Establish a predictable time model

The G1 collector can build a predictable pause time model because it can systematically avoid region-wide garbage collection in the entire Java heap. G1 tracks the value of garbage accumulation in each Region (the amount of space obtained by recycling and the empirical value of the time it takes to recycle), and maintains a priority list in the background, preferentially recycling the most valuable Region each time according to the allowed collection time (that's where the Garbage-First name comes from).

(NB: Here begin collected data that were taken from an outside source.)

lemma INF_sublinear_family_le:
  assumes "\<And>q. q \<in> C \<Longrightarrow> sublinear q" and "\<And>q. q \<in> C \<Longrightarrow> q \<le> g" and "q \<in> C"
  shows "(\<lambda>x. INF q\<in>C. q x) \<le> q"
  using bdd_below_sublinear_family[OF assms(1,2)] assms(3) by (intro le_funI cINF_lower)

lemma sublinear_INF_chain:
  assumes nonempty: "C \<noteq> {}" and sub: "\<And>q. q \<in> C \<Longrightarrow> sublinear q"
    and below: "\<And>q. q \<in> C \<Longrightarrow> q \<le> g"
    and chain: "\<And>q1 q2. q1 \<in> C \<Longrightarrow> q2 \<in> C \<Longrightarrow> q1 \<le> q2 \<or> q2 \<le> q1"
  shows "sublinear (\<lambda>x. INF q\<in>C. q x)"
proof -
  have lower: "(INF q\<in>C. q x) \<le> q x" if "q \<in> C" for q x
    using INF_sublinear_family_le[OF sub below that] by (rule le_funD)
  have greatest: "a \<le> (INF q\<in>C. q x)" if "\<And>q. q \<in> C \<Longrightarrow> a \<le> q x" for a x
    using nonempty that by (rule cINF_greatest)
  show ?thesis
  proof (rule sublinearI)
    fix x y
    have "(INF q\<in>C. q (x + y)) \<le> q1 x + q2 y" if q12: "q1 \<in> C" "q2 \<in> C" for q1 q2
    proof -
      obtain q where q: "q \<in> C" "q x \<le> q1 x" "q y \<le> q2 y"
        using chain[OF q12] q12 by (auto simp: le_fun_def)
      then have "(INF q\<in>C. q (x + y)) \<le> q x + q y"
        using lower sublinear_add[OF sub] order_trans by blast
      then show ?thesis
        using q by simp
    qed
    then have "(INF q\<in>C. q (x + y)) - q2 y \<le> (INF q\<in>C. q x)" if "q2 \<in> C" for q2
      using that by (intro greatest) force
    then have "(INF q\<in>C. q (x + y)) - (INF q\<in>C. q x) \<le> (INF q\<in>C. q y)"
      by (intro greatest) force
    then show "(INF q\<in>C. q (x + y)) \<le> (INF q\<in>C. q x) + (INF q\<in>C. q y)"
      by simp
  next
    show "(INF q\<in>C. q 0) = 0"
      using nonempty sub by (simp add: sublinear_0)
  next
    fix c :: real and x assume c: "0 < c"
    have "(INF q\<in>C. q (c *\<^sub>R x)) / c \<le> (INF q\<in>C. q x)"
    proof (rule greatest)
      fix q assume "q \<in> C"
      then have "(INF q\<in>C. q (c *\<^sub>R x)) \<le> c * q x"
        using lower[of q "c *\<^sub>R x"] sublinear_scale[OF sub[of q], of c x] c by simp
      then show "(INF q\<in>C. q (c *\<^sub>R x)) / c \<le> q x"
        using c by (simp add: divide_le_eq mult.commute)
    qed
    then show "(INF q\<in>C. q (c *\<^sub>R x)) \<le> c * (INF q\<in>C. q x)"
      using c by (simp add: divide_le_eq mult.commute)
  qed
qed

This method of using Region to divide memory space and priority area recovery ensures that the G1 collector can achieve the highest collection efficiency in a limited time.

Avoid full heap scanning-Remembered Set

G1 divides the Java heap into multiple Region, which is "broken into parts". However, Region cannot be isolated. An object is assigned to a Region and can have a reference relationship with any object in the entire Java heap. When doing reachability analysis to determine whether the object is alive, the entire Java heap needs to be scanned to ensure accuracy, which obviously does great harm to the efficiency of GC.

In order to avoid full heap scanning, the virtual machine maintains a corresponding Remembered Set for each Region in G1. When the virtual machine discoverer writes to data of type Reference, a Write Barrier temporarily interrupts the write operation to check whether the object referenced by Reference is in a different Region (in the case of generations, it is checked whether the object in the old age refers to the object in the new generation), and if so, the relevant reference information is recorded in the Remembered Set of the Region to which the referenced object belongs through CardTable. When memory collection is performed, adding Remembered Set to the enumeration range of the GC root node ensures that the whole heap is not scanned and there is no omission.

Without counting the operation of maintaining the Remembered Set, the operation of the G1 collector can be roughly divided into the following steps:

The Initial Marking simply marks the objects to which GC Roots can be directly associated, and modifies the value of TAMS (Nest Top Mark Start) so that when the user program runs concurrently in the next phase, the object can be created in the correct Region. This stage requires a pause in the thread, but it takes a short time.

Concurrent marking (Concurrent Marking) starts from GC Root to analyze the reachability of objects in the heap and find the surviving objects. This stage takes a long time, but can be executed concurrently with user programs.

The final tag (Final Marking) in order to fix the part of the tag record that changes due to the continuous operation of the user program during the concurrent marking period, the virtual machine records the object changes during this period in the thread's Remembered Set Logs, and the final marking phase needs to merge the Remembered Set Logs data into the Remembered Set. This stage requires thread pause, but can be executed in parallel.

Filter recovery (Live Data Counting and Evacuation) first sorts the recovery value and cost in each Region and makes a recovery plan according to the time of the GC pause expected by the user. In fact, this stage can also be executed concurrently with the user program, but because only part of the Region is recycled, the time can be controlled by the user, and halting the user thread will greatly improve the collection efficiency.

From the following figure, you can clearly see the concurrency and pause stages in the operation steps of the G1 collector (at Safepoint):

Summary

Thank you for reading! This is the end of this article on "what garbage collectors do JVM have". I hope the above content can be of some help to you, so that you can learn more knowledge. if you think the article is good, you can share it for more people to see!

Welcome to subscribe "Shulou Technology Information " to get latest news, interesting things and hot topics in the IT industry, and controls the hottest and latest Internet news, technology news and IT industry trends.

*The comments in the above article only represent the author's personal views and do not represent the views and positions of this website. If you have more insights, please feel free to contribute and share.